TASK REQUIREMENTS → Give back the full set of entries that follows, exactly as written.

SUPPLIED MATERIAL →

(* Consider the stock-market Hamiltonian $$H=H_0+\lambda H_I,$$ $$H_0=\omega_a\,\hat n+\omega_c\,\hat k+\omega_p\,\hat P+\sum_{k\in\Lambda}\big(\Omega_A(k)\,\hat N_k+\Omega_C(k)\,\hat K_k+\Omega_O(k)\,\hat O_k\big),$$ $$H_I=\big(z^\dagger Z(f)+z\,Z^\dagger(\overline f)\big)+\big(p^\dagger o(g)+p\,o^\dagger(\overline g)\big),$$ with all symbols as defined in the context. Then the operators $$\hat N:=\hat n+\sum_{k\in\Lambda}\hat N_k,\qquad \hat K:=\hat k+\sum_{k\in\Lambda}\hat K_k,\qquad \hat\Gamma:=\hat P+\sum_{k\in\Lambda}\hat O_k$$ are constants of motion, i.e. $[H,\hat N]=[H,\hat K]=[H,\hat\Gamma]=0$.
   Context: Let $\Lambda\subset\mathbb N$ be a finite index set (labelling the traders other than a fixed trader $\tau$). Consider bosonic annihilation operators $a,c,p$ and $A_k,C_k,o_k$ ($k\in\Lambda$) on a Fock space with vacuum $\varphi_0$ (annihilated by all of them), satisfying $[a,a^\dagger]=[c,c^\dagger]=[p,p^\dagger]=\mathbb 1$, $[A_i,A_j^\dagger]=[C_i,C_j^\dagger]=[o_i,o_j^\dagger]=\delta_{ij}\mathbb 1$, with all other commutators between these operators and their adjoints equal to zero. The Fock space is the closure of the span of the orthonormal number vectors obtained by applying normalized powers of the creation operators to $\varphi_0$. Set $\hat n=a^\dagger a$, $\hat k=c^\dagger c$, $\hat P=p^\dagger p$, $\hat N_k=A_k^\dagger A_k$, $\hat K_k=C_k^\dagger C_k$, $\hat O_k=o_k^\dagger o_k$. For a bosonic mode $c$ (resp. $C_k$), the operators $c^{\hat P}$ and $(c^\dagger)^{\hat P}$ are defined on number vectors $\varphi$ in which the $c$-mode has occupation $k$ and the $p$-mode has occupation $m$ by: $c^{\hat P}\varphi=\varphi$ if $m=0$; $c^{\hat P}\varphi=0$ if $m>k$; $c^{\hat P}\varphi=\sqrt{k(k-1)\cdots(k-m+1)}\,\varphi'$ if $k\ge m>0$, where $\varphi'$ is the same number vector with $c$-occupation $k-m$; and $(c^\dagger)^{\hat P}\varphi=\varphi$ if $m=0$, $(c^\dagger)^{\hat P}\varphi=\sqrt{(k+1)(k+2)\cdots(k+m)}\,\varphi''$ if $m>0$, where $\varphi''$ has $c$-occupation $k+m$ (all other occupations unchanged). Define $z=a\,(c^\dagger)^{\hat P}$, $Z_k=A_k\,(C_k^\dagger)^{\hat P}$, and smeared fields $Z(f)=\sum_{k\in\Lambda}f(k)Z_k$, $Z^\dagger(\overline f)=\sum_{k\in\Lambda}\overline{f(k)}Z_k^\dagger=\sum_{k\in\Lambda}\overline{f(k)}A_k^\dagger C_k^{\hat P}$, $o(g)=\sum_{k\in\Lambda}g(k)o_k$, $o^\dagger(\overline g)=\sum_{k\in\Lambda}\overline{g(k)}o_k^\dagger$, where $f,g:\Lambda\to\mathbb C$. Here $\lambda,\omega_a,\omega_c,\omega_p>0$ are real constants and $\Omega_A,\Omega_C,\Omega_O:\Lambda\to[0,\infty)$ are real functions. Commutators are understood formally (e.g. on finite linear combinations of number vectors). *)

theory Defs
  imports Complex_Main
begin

REPLY TO THE TASK →
(* Consider the stock-market Hamiltonian $$H=H_0+\lambda H_I,$$ $$H_0=\omega_a\,\hat n+\omega_c\,\hat k+\omega_p\,\hat P+\sum_{k\in\Lambda}\big(\Omega_A(k)\,\hat N_k+\Omega_C(k)\,\hat K_k+\Omega_O(k)\,\hat O_k\big),$$ $$H_I=\big(z^\dagger Z(f)+z\,Z^\dagger(\overline f)\big)+\big(p^\dagger o(g)+p\,o^\dagger(\overline g)\big),$$ with all symbols as defined in the context. Then the operators $$\hat N:=\hat n+\sum_{k\in\Lambda}\hat N_k,\qquad \hat K:=\hat k+\sum_{k\in\Lambda}\hat K_k,\qquad \hat\Gamma:=\hat P+\sum_{k\in\Lambda}\hat O_k$$ are constants of motion, i.e. $[H,\hat N]=[H,\hat K]=[H,\hat\Gamma]=0$.
   Context: Let $\Lambda\subset\mathbb N$ be a finite index set (labelling the traders other than a fixed trader $\tau$). Consider bosonic annihilation operators $a,c,p$ and $A_k,C_k,o_k$ ($k\in\Lambda$) on a Fock space with vacuum $\varphi_0$ (annihilated by all of them), satisfying $[a,a^\dagger]=[c,c^\dagger]=[p,p^\dagger]=\mathbb 1$, $[A_i,A_j^\dagger]=[C_i,C_j^\dagger]=[o_i,o_j^\dagger]=\delta_{ij}\mathbb 1$, with all other commutators between these operators and their adjoints equal to zero. The Fock space is the closure of the span of the orthonormal number vectors obtained by applying normalized powers of the creation operators to $\varphi_0$. Set $\hat n=a^\dagger a$, $\hat k=c^\dagger c$, $\hat P=p^\dagger p$, $\hat N_k=A_k^\dagger A_k$, $\hat K_k=C_k^\dagger C_k$, $\hat O_k=o_k^\dagger o_k$. For a bosonic mode $c$ (resp. $C_k$), the operators $c^{\hat P}$ and $(c^\dagger)^{\hat P}$ are defined on number vectors $\varphi$ in which the $c$-mode has occupation $k$ and the $p$-mode has occupation $m$ by: $c^{\hat P}\varphi=\varphi$ if $m=0$; $c^{\hat P}\varphi=0$ if $m>k$; $c^{\hat P}\varphi=\sqrt{k(k-1)\cdots(k-m+1)}\,\varphi'$ if $k\ge m>0$, where $\varphi'$ is the same number vector with $c$-occupation $k-m$; and $(c^\dagger)^{\hat P}\varphi=\varphi$ if $m=0$, $(c^\dagger)^{\hat P}\varphi=\sqrt{(k+1)(k+2)\cdots(k+m)}\,\varphi''$ if $m>0$, where $\varphi''$ has $c$-occupation $k+m$ (all other occupations unchanged). Define $z=a\,(c^\dagger)^{\hat P}$, $Z_k=A_k\,(C_k^\dagger)^{\hat P}$, and smeared fields $Z(f)=\sum_{k\in\Lambda}f(k)Z_k$, $Z^\dagger(\overline f)=\sum_{k\in\Lambda}\overline{f(k)}Z_k^\dagger=\sum_{k\in\Lambda}\overline{f(k)}A_k^\dagger C_k^{\hat P}$, $o(g)=\sum_{k\in\Lambda}g(k)o_k$, $o^\dagger(\overline g)=\sum_{k\in\Lambda}\overline{g(k)}o_k^\dagger$, where $f,g:\Lambda\to\mathbb C$. Here $\lambda,\omega_a,\omega_c,\omega_p>0$ are real constants and $\Omega_A,\Omega_C,\Omega_O:\Lambda\to[0,\infty)$ are real functions. Commutators are understood formally (e.g. on finite linear combinations of number vectors). *)

theory Defs
  imports Complex_Main
begin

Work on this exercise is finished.